# [ACTIVITY]
Each line below from the one containing "by (simp add: Xi_def)" through the one containing "1) = - grid_bnd" is to be given again exactly, and no line outside that span.

[Collected data entries]
--*--

(* Let $p/q$ be an even rational parameter and $P=2p/(p+q)$. For every tile center $c$, the label assigned to $-c$ by the tile description is obtained from the label assigned to $c$ by swapping N with S and E with W. Equivalently, the tiling produced by $(\Xi_P,X_P)$ is invariant under reflection in the origin.
   Context: An even rational parameter is a rational $p/q\in(0,1)$, $p,q$ positive coprime integers, $pq$ even; $\omega=p+q$, $P=2p/\omega$. Tile centers are the points $(m+\frac12,n+\frac12)$, $m,n\in\mathbb Z$; each is the center of a unit square with edges N, S, E, W. Let $\Lambda_P\subset\mathbb R^3$ be the lattice generated by $(2,P,P),(0,2,0),(0,0,2)$, $X_P=\mathbb R^3/\Lambda_P$ with coordinates $(T,U_1,U_2)$ and fundamental domain $[-1,1]^3$, and $\Xi_P(x,y)=(2Px+2y,2Px,2Px+2Py)\bmod\Lambda_P$. Each fiber $\{T\}\times[-1,1]^2$ is partitioned: given $u_1\le u_2\le u_3$, the lines $U_1=u_i$, $U_2=u_i$ cut $[-1,1]^2$ into a $4\times4$ grid of rectangles indexed by (column $a$, row $b$), columns in increasing $U_1$, rows in increasing $U_2$. Special rectangles with single letters: for $T\in[-1,-1+P]$: $(u_1,u_2,u_3)=(T,1-P,2-P+T)$, W $(4,4)$, N $(1,3)$, E $(2,2)$, S $(3,1)$; for $T\in[-1+P,1-P]$: $(-1+P,T,1-P)$, N $(1,4)$, E $(3,3)$, W $(2,2)$, S $(4,1)$; for $T\in[1-P,1]$: $(-2+P+T,-1+P,T)$, N $(2,4)$, W $(3,3)$, S $(4,2)$, E $(1,1)$. A non-special rectangle gets the unordered pair of letters of the special rectangles in its column and in its row; special rectangles get the empty label. The label of a tile center $c$ is the label of the rectangle (in its fiber) whose interior contains the representative of $\Xi_P(c)$ in $[-1,1]^3$ (this is known to be well defined for even rational parameters); a label $\{X,Y\}$ is drawn as a segment joining the midpoints of edges $X$ and $Y$ of the unit square centered at $c$. *)

theory Defs
  imports Complex_Main
begin

datatype edge = N | S | E | W

fun swap_edge :: "edge \<Rightarrow> edge" where
  "swap_edge N = S" | "swap_edge S = N" | "swap_edge E = W" | "swap_edge W = E"

text \<open>Even rational parameter p/q in (0,1), written via positive coprime naturals.\<close>
definition even_rational_param :: "nat \<Rightarrow> nat \<Rightarrow> bool" where
  "even_rational_param p q \<longleftrightarrow> 0 < p \<and> p < q \<and> coprime p q \<and> even (p * q)"

definition param_P :: "nat \<Rightarrow> nat \<Rightarrow> real" where
  "param_P p q = 2 * real p / real (p + q)"

definition tile_center :: "real \<Rightarrow> real \<Rightarrow> bool" where
  "tile_center x y \<longleftrightarrow> (\<exists>m n :: int. x = of_int m + 1/2 \<and> y = of_int n + 1/2)"

text \<open>Membership of (t,u1,u2) in the lattice generated by (2,P,P),(0,2,0),(0,0,2).\<close>
definition in_Lambda :: "real \<Rightarrow> real \<Rightarrow> real \<Rightarrow> real \<Rightarrow> bool" where
  "in_Lambda P t u1 u2 \<longleftrightarrow>
     (\<exists>a b c :: int. t = 2 * of_int a \<and> u1 = of_int a * P + 2 * of_int b
                     \<and> u2 = of_int a * P + 2 * of_int c)"

text \<open>The map Xi_P (before reduction modulo the lattice).\<close>
definition Xi :: "real \<Rightarrow> real \<Rightarrow> real \<Rightarrow> real \<times> real \<times> real" where
  "Xi P x y = (2*P*x + 2*y, 2*P*x, 2*P*x + 2*P*y)"

definition fiber_case :: "real \<Rightarrow> real \<Rightarrow> nat \<Rightarrow> bool" where
  "fiber_case P T k \<longleftrightarrow>
     (k = 1 \<and> -1 \<le> T \<and> T \<le> -1 + P) \<or>
     (k = 2 \<and> -1 + P \<le> T \<and> T \<le> 1 - P) \<or>
     (k = 3 \<and> 1 - P \<le> T \<and> T \<le> 1)"

text \<open>Grid boundaries: index 0 is -1, indices 1,2,3 are u1,u2,u3, index 4 is 1.\<close>
definition grid_bnd :: "real \<Rightarrow> real \<Rightarrow> nat \<Rightarrow> nat \<Rightarrow> real" where
  "grid_bnd P T k i =
     (if i = 0 then -1 else if i \<ge> 4 then 1 else
      if k = 1 then (if i = 1 then T else if i = 2 then 1 - P else 2 - P + T)
      else if k = 2 then (if i = 1 then -1 + P else if i = 2 then T else 1 - P)
      else (if i = 1 then -2 + P + T else if i = 2 then -1 + P else T))"

text \<open>Special rectangles (column a, row b) with their single letters.\<close>
definition special :: "nat \<Rightarrow> nat \<Rightarrow> nat \<Rightarrow> edge option" where
  "special k a b =
     (if k = 1 then
        (if (a,b) = (4,4) then Some W else if (a,b) = (1,3) then Some N
         else if (a,b) = (2,2) then Some E else if (a,b) = (3,1) then Some S else None)
      else if k = 2 then
        (if (a,b) = (1,4) then Some N else if (a,b) = (3,3) then Some E
         else if (a,b) = (2,2) then Some W else if (a,b) = (4,1) then Some S else None)
      else
        (if (a,b) = (2,4) then Some N else if (a,b) = (3,3) then Some W
         else if (a,b) = (4,2) then Some S else if (a,b) = (1,1) then Some E else None))"

definition rect_label :: "nat \<Rightarrow> nat \<Rightarrow> nat \<Rightarrow> edge set" where
  "rect_label k a b =
     (if special k a b \<noteq> None then {}
      else {X. \<exists>b'\<in>{1..4}. special k a b' = Some X} \<union> {Y. \<exists>a'\<in>{1..4}. special k a' b = Some Y})"

definition in_rect_interior :: "real \<Rightarrow> real \<Rightarrow> nat \<Rightarrow> nat \<Rightarrow> nat \<Rightarrow> real \<Rightarrow> real \<Rightarrow> bool" where
  "in_rect_interior P T k a b U1 U2 \<longleftrightarrow>
     a \<in> {1..4} \<and> b \<in> {1..4} \<and>
     grid_bnd P T k (a - 1) < U1 \<and> U1 < grid_bnd P T k a \<and>
     grid_bnd P T k (b - 1) < U2 \<and> U2 < grid_bnd P T k b"

text \<open>The tile description: the point (x,y) carries label L if some representative of
  Xi_P(x,y) in [-1,1]^3 lies in the interior of a rectangle (of its fiber) labelled L.\<close>
definition tile_label :: "real \<Rightarrow> real \<Rightarrow> real \<Rightarrow> edge set \<Rightarrow> bool" where
  "tile_label P x y L \<longleftrightarrow>
     (\<exists>T U1 U2. T \<in> {-1..1} \<and> U1 \<in> {-1..1} \<and> U2 \<in> {-1..1} \<and>
        (case Xi P x y of (t, v1, v2) \<Rightarrow> in_Lambda P (T - t) (U1 - v1) (U2 - v2)) \<and>
        (\<exists>k a b. fiber_case P T k \<and> in_rect_interior P T k a b U1 U2 \<and> L = rect_label k a b))"

end

theory Submission
  imports Defs
begin

text \<open>Reflection in the origin negates \<open>\<Xi>\<^sub>P\<close>, preserves \<open>\<Lambda>\<^sub>P\<close> and \<open>[-1,1]\<^sup>3\<close>, and maps the
  fiber partition over \<open>T\<close> onto the one over \<open>-T\<close>: regime \<open>k\<close> becomes regime \<open>4 - k\<close>, and
  rectangle \<open>(a, b)\<close> becomes \<open>(5 - a, 5 - b)\<close>. The special letters are permuted by the swap
  \<open>N \<leftrightarrow> S\<close>, \<open>E \<leftrightarrow> W\<close>, hence so are all labels. Nothing about \<open>P\<close> beyond the definitions is
  used, so the symmetry holds for every parameter and every point.\<close>

lemma swap_edge_swap_edge [simp]: "swap_edge (swap_edge e) = e"
  by (cases e) auto

lemma in_Lambda_uminus: "in_Lambda P t u1 u2 \<Longrightarrow> in_Lambda P (- t) (- u1) (- u2)"
  unfolding in_Lambda_def
  by (elim exE, rule_tac x = "- a" in exI, rule_tac x = "- b" in exI, rule_tac x = "- c" in exI)
     (simp add: algebra_simps)

lemma Xi_uminus: "Xi P (- x) (- y) = (case Xi P x y of (t, v1, v2) \<Rightarrow> (- t, - v1, - v2))"
  by (simp add: Xi_def)

lemma fiber_case_uminus: "fiber_case P T k \<Longrightarrow> fiber_case P (- T) (4 - k)"
  unfolding fiber_case_def by auto

lemma fiber_case_regime: "fiber_case P T k \<Longrightarrow> k \<in> {1, 2, 3}"
  unfolding fiber_case_def by auto

lemma grid_bnd_uminus:
  assumes "k \<in> {1, 2, 3}" "i \<le> 4"
  shows "grid_bnd P (- T) (4 - k) (4 - i) = - grid_bnd P T k i"
proof -
  have "k = 1 \<or> k = 2 \<or> k = 3" "i = 0 \<or> i = 1 \<or> i = 2 \<or> i = 3 \<or> i = 4"
    using assms by auto
  then show ?thesis unfolding grid_bnd_def by (elim disjE) simp_all
qed

lemma in_rect_interior_uminus:
  assumes k: "k \<in> {1, 2, 3}" and rect: "in_rect_interior P T k a b U1 U2"
  shows "in_rect_interior P (- T) (4 - k) (5 - a) (5 - b) (- U1) (- U2)"
proof -
  have ab: "a \<in> {1..4}" "b \<in> {1..4}"
    using rect unfolding in_rect_interior_def by auto
  have lower: "grid_bnd P (- T) (4 - k) (5 - i - 1) = - grid_bnd P T k i" if "i \<in> {1..4}" for i
    using grid_bnd_uminus[OF k, of i] that by (simp add: diff_diff_add)
  have upper: "grid_bnd P (- T) (4 - k) (5 - i) = - grid_bnd P T k (i - 1)" if "i \<in> {1..4}" for i
  proof -
    have "5 - i = 4 - (i - 1)" using that by auto
    then show ?thesis using that by (simp only:) (rule grid_bnd_uminus[OF k], use that in auto)
  qed
  show ?thesis
    using rect ab unfolding in_rect_interior_def lower[OF ab(1)] lower[OF ab(2)]
      upper[OF ab(1)] upper[OF ab(2)] by auto
qed

lemma special_uminus:
  assumes "k \<in> {1, 2, 3}" "a \<in> {1..4}" "b \<in> {1..4}"
  shows "special (4 - k) (5 - a) (5 - b) = map_option swap_edge (special k a b)"
proof -
  have "k = 1 \<or> k = 2 \<or> k = 3" "a = 1 \<or> a = 2 \<or> a = 3 \<or> a = 4" "b = 1 \<or> b = 2 \<or> b = 3 \<or> b = 4"
    using assms by auto
  then show ?thesis unfolding special_def by (elim disjE) simp_all
qed

lemma letters_reindex_swap:
  assumes "\<And>i. i \<in> {1..4::nat} \<Longrightarrow> g (5 - i) = map_option swap_edge (f i)"
  shows "{X. \<exists>i\<in>{1..4}. g i = Some X} = swap_edge ` {X. \<exists>i\<in>{1..4}. f i = Some X}"
proof (intro set_eqI iffI)
  fix X assume "X \<in> {X. \<exists>i\<in>{1..4}. g i = Some X}"
  then obtain i where i: "i \<in> {1..4}" "g i = Some X" by auto
  have j: "5 - i \<in> {1..4}" "5 - (5 - i) = i" using i(1) by auto
  have "map_option swap_edge (f (5 - i)) = Some X" using assms[OF j(1)] j(2) i(2) by simp
  then have "f (5 - i) = Some (swap_edge X)" by (auto simp: map_option_eq_Some)
  with j(1) have "swap_edge X \<in> {X. \<exists>i\<in>{1..4}. f i = Some X}" by blast
  then show "X \<in> swap_edge ` {X. \<exists>i\<in>{1..4}. f i = Some X}"
    by (metis image_eqI swap_edge_swap_edge)
next
  fix X assume "X \<in> swap_edge ` {X. \<exists>i\<in>{1..4}. f i = Some X}"
  then obtain i where "i \<in> {1..4}" "f i = Some (swap_edge X)" by auto
  with assms[of i] show "X \<in> {X. \<exists>i\<in>{1..4}. g i = Some X}" by force
qed

lemma rect_label_uminus:
  assumes k: "k \<in> {1, 2, 3}" and ab: "a \<in> {1..4}" "b \<in> {1..4}"
  shows "rect_label (4 - k) (5 - a) (5 - b) = swap_edge ` rect_label k a b"
proof -
  have column: "{X. \<exists>i\<in>{1..4}. special (4 - k) (5 - a) i = Some X}
      = swap_edge ` {X. \<exists>i\<in>{1..4}. special k a i = Some X}"
    by (rule letters_reindex_swap) (simp add: special_uminus[OF k ab(1)])
  have row: "{X. \<exists>i\<in>{1..4}. special (4 - k) i (5 - b) = Some X}
      = swap_edge ` {X. \<exists>i\<in>{1..4}. special k i b = Some X}"
    by (rule letters_reindex_swap) (simp add: special_uminus[OF k _ ab(2)])
  have "special (4 - k) (5 - a) (5 - b) = None \<longleftrightarrow> special k a b = None"
    using special_uminus[OF k ab] by simp
  with column row show ?thesis
    unfolding rect_label_def by (simp add: image_Un)
qed

lemma tile_label_uminus:
  assumes "tile_label P x y L"
  shows "tile_label P (- x) (- y) (swap_edge ` L)"
proof -
  obtain T U1 U2 k a b where box: "T \<in> {-1..1}" "U1 \<in> {-1..1}" "U2 \<in> {-1..1}"
    and lattice: "case Xi P x y of (t, v1, v2) \<Rightarrow> in_Lambda P (T - t) (U1 - v1) (U2 - v2)"
    and fiber: "fiber_case P T k" and rect: "in_rect_interior P T k a b U1 U2"
    and L: "L = rect_label k a b"
    using assms unfolding tile_label_def by auto
  have k: "k \<in> {1, 2, 3}" using fiber_case_regime[OF fiber] .
  have ab: "a \<in> {1..4}" "b \<in> {1..4}" using rect unfolding in_rect_interior_def by auto
  have "case Xi P (- x) (- y) of (t, v1, v2) \<Rightarrow> in_Lambda P (- T - t) (- U1 - v1) (- U2 - v2)"
    using lattice unfolding Xi_uminus by (auto split: prod.splits dest: in_Lambda_uminus)
  moreover have "swap_edge ` L = rect_label (4 - k) (5 - a) (5 - b)"
    using rect_label_uminus[OF k ab] L by simp
  ultimately show ?thesis
    unfolding tile_label_def using box fiber_case_uminus[OF fiber] in_rect_interior_uminus[OF k rect]
    by (intro exI[of _ "- T"] exI[of _ "- U1"] exI[of _ "- U2"]) auto
qed

lemma tile_label_uminus_iff:
  "tile_label P (- x) (- y) (swap_edge ` L) \<longleftrightarrow> tile_label P x y L"
proof
  assume "tile_label P (- x) (- y) (swap_edge ` L)"
  from tile_label_uminus[OF this] show "tile_label P x y L"
    by (simp add: image_comp comp_def)
qed (rule tile_label_uminus)

theorem lemma3p4:
  fixes p q :: nat and x y :: real and L :: "edge set"
  assumes "even_rational_param p q"
    and "tile_center x y"
  shows "tile_label (param_P p q) (-x) (-y) (swap_edge ` L) \<longleftrightarrow> tile_label (param_P p q) x y L"
  by (rule tile_label_uminus_iff)

end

--*--

# [SOLUTION FOR THIS EXERCISE]
  by (simp add: Xi_def)

lemma fiber_case_uminus: "fiber_case P T k \<Longrightarrow> fiber_case P (- T) (4 - k)"
  unfolding fiber_case_def by auto

lemma fiber_case_regime: "fiber_case P T k \<Longrightarrow> k \<in> {1, 2, 3}"
  unfolding fiber_case_def by auto

lemma grid_bnd_uminus:
  assumes "k \<in> {1, 2, 3}" "i \<le> 4"
  shows "grid_bnd P (- T) (4 - k) (4 - i) = - grid_bnd P T k i"
proof -
  have "k = 1 \<or> k = 2 \<or> k = 3" "i = 0 \<or> i = 1 \<or> i = 2 \<or> i = 3 \<or> i = 4"
    using assms by auto
  then show ?thesis unfolding grid_bnd_def by (elim disjE) simp_all
qed

lemma in_rect_interior_uminus:
  assumes k: "k \<in> {1, 2, 3}" and rect: "in_rect_interior P T k a b U1 U2"
  shows "in_rect_interior P (- T) (4 - k) (5 - a) (5 - b) (- U1) (- U2)"
proof -
  have ab: "a \<in> {1..4}" "b \<in> {1..4}"
    using rect unfolding in_rect_interior_def by auto
  have lower: "grid_bnd P (- T) (4 - k) (5 - i - 1) = - grid_bnd P T k i" if "i \<in> {1..4}" for i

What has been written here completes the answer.